### Problem
Lines in the listing below that hold "assms" are the ones to copy.

*** Data excerpts ***

lemma inj_rotate_tail: "inj (rotate_tail k)"
proof (rule injI)
  fix A A' assume eq: "rotate_tail k A = rotate_tail k A'"
  have "length A = length A'"
    using arg_cong[OF eq, of length] by (simp add: length_rotate_tail)
  then have "take k A = take k A'" "rotate1 (drop k A) = rotate1 (drop k A')"
    using eq by (simp_all add: rotate_tail_def append_eq_append_conv)
  then show "A = A'"
    by (metis append_take_drop_id inj_rotate1 injD)
qed

lemma map_pmf_rotate_tail_shuffled:
  assumes "finite S"
  shows "map_pmf (rotate_tail k) (shuffled S) = shuffled S"
proof -
  have "rotate_tail k ` permutations_of_set S = permutations_of_set S"
    using assms rotate_tail_in_permutations_of_set
    by (intro card_subset_eq) (auto simp: card_image inj_on_subset[OF inj_rotate_tail])
  then show ?thesis
    using assms by (simp add: shuffled_def map_pmf_of_set_inj inj_on_subset[OF inj_rotate_tail])
qed

text \<open>Up to a rotation of the remaining elements of \<open>A\<close>, \<open>merge_state L R A B w\<close> is the array
  reached by the first loop of \<open>Merge\<close> after drawing the bits \<open>w\<close>: a bit 0 leaves the next
  element of \<open>A\<close> in place, a bit 1 swaps the next element of \<open>B\<close> to the front of the remaining
  elements of \<open>A\<close>, thereby rotating them by one.\<close>

definition merge_state :: "'a list \<Rightarrow> 'a list \<Rightarrow> 'a list \<Rightarrow> 'a list \<Rightarrow> bool list \<Rightarrow> 'a list" where
  "merge_state L R A B w =
     L @ interleave w (take (count_list w False) A) (take (count_list w True) B)
       @ drop (count_list w False) A @ drop (count_list w True) B @ R"

lemma merge_state_snoc_False:
  assumes "count_list w False < length A" "count_list w True \<le> length B"
  shows "merge_state L R A B (w @ [False]) = merge_state L R A B w"
proof -
  let ?x = "count_list w False" and ?y = "count_list w True"
  have "interleave (w @ [False]) (take ?x A @ [A ! ?x]) (take ?y B @ []) =
        interleave w (take ?x A) (take ?y B) @ [A ! ?x]"
    using assms by (subst interleave_append) auto
  then show ?thesis
    using assms by (simp add: merge_state_def take_Suc_conv_app_nth Cons_nth_drop_Suc)
qed

lemma merge_state_snoc_True:
  assumes "count_list w False \<le> length A" "count_list w True < length B"
  shows "list_swap (merge_state L R A B w) (length L + length w) (length L + length A + count_list w True)
         = merge_state L R (rotate_tail (count_list w False) A) B (w @ [True])"
proof -
  let ?x = "count_list w False" and ?y = "count_list w True"
  let ?P = "L @ interleave w (take ?x A) (take ?y B)"
  have length_w: "length w = ?x + ?y"
    by (simp add: count_list_False_add_True)
  have interleave_snoc: "interleave (w @ [True]) (take ?x A @ []) (take ?y B @ [B ! ?y]) =
        interleave w (take ?x A) (take ?y B) @ [B ! ?y]"
    using assms by (subst interleave_append) auto
  have drop_B: "drop ?y B = B ! ?y # drop (Suc ?y) B"
    using assms by (simp add: Cons_nth_drop_Suc)
  show ?thesis
  proof (cases "?x < length A")
    case True
    have drop_A: "drop ?x A = A ! ?x # drop (Suc ?x) A"
      using True by (simp add: Cons_nth_drop_Suc)
    have "merge_state L R A B w = ?P @ A ! ?x # drop (Suc ?x) A @ B ! ?y # drop (Suc ?y) B @ R"
      by (simp add: merge_state_def drop_A drop_B)
    moreover have "merge_state L R (rotate_tail ?x A) B (w @ [True]) =
        ?P @ B ! ?y # drop (Suc ?x) A @ A ! ?x # drop (Suc ?y) B @ R"
      using interleave_snoc assms True
      by (simp add: merge_state_def rotate_tail_def drop_A take_Suc_conv_app_nth)
    moreover have "length L + length w = length ?P"
      "length L + length A + ?y = length ?P + 1 + length (drop (Suc ?x) A)"
      using True length_w by simp_all
    ultimately show ?thesis
      by (simp only: list_swap_Cons_append_Cons)
  next
    case False
    then have "?x = length A"
      using assms by simp
    then have "length L + length A + ?y = length L + length w" "rotate_tail ?x A = A"
      using length_w by (simp_all add: rotate_tail_def)
    moreover have "merge_state L R A B (w @ [True]) = merge_state L R A B w"
      using interleave_snoc drop_B \<open>?x = length A\<close> assms
      by (simp add: merge_state_def take_Suc_conv_app_nth)
    ultimately show ?thesis
      by (simp only: list_swap_same)
  qed
qed

subsection \<open>Averaging over the bits drawn by the first loop\<close>

lemma pmf_bind_fair_bit: "pmf (bind_pmf fair_bit f) x = (pmf (f False) x + pmf (f True) x) / 2"
  unfolding fair_bit_def bernoulli_pmf_half_conv_pmf_of_set
  by (subst pmf_bind_pmf_of_set) (auto simp: UNIV_bool)
lemma num_cycles_reversal_le:
  assumes "signed_perm n a" "1 \<le> i" "i \<le> j" "j \<le> length a"
  shows "num_cycles (p_r n \<circ> s_tilde (reversal i j a)) {- int n..int n}
       \<le> num_cycles (p_r n \<circ> s_tilde a) {- int n..int n} + 2"
proof -
  let ?S = "{- int n..int n}" and ?g = "p_r n \<circ> s_tilde a"
  obtain u v u' v' where uv: "{u, v, u', v'} \<subseteq> ?S"
    and eq: "s_tilde (reversal i j a) = s_tilde a \<circ> transpose u v \<circ> transpose u' v'"
    using s_tilde_reversal[OF distinct_mirror_list[OF assms(1)] assms(2-)]
    unfolding set_mirror_list[OF assms(1)] .
  have g: "?g permutes ?S"
    using permutes_compose[OF s_tilde_permutes[OF assms(1)] p_r_permutes] .
  have "?g \<circ> transpose u v permutes ?S"
    using uv by (intro permutes_compose[OF _ g] permutes_swap_id) auto
  then have "num_cycles (?g \<circ> transpose u v \<circ> transpose u' v') ?S
      \<le> num_cycles (?g \<circ> transpose u v) ?S + 1"
    using uv by (intro num_cycles_comp_transpose_le) auto
  also have "\<dots> \<le> num_cycles ?g ?S + 2"
    using uv g num_cycles_comp_transpose_le[of ?S ?g u v] by simp
  finally show ?thesis unfolding eq by (simp add: comp_assoc)
qed

section \<open>Sorting sequences\<close>

definition sorting_sequence :: "(nat \<times> nat) list \<Rightarrow> int list \<Rightarrow> bool" where
  "sorting_sequence rs a \<longleftrightarrow> (\<forall>(i, j) \<in> set rs. 1 \<le> i \<and> i \<le> j \<and> j \<le> length a) \<and>
     fold (\<lambda>(i, j) b. reversal i j b) rs a = identity_sp (length a)"

lemma sorting_sequence_Nil: "sorting_sequence [] a \<longleftrightarrow> a = identity_sp (length a)"
  unfolding sorting_sequence_def by simp

lemma sorting_sequence_Cons:
  "sorting_sequence ((i, j) # rs) a \<longleftrightarrow>
     1 \<le> i \<and> i \<le> j \<and> j \<le> length a \<and> sorting_sequence rs (reversal i j a)"
  unfolding sorting_sequence_def by (auto simp: length_reversal)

***

### Result
    using assms rotate_tail_in_permutations_of_set
    using assms by (simp add: shuffled_def map_pmf_of_set_inj inj_on_subset[OF inj_rotate_tail])
    using assms by (subst interleave_append) auto
    using assms by (simp add: merge_state_def take_Suc_conv_app_nth Cons_nth_drop_Suc)
    using assms by (subst interleave_append) auto
    using assms by (simp add: Cons_nth_drop_Suc)
      using interleave_snoc assms True
      using assms by simp
      using interleave_snoc drop_B \<open>?x = length A\<close> assms
    using s_tilde_reversal[OF distinct_mirror_list[OF assms(1)] assms(2-)]
    unfolding set_mirror_list[OF assms(1)] .
    using permutes_compose[OF s_tilde_permutes[OF assms(1)] p_r_permutes] .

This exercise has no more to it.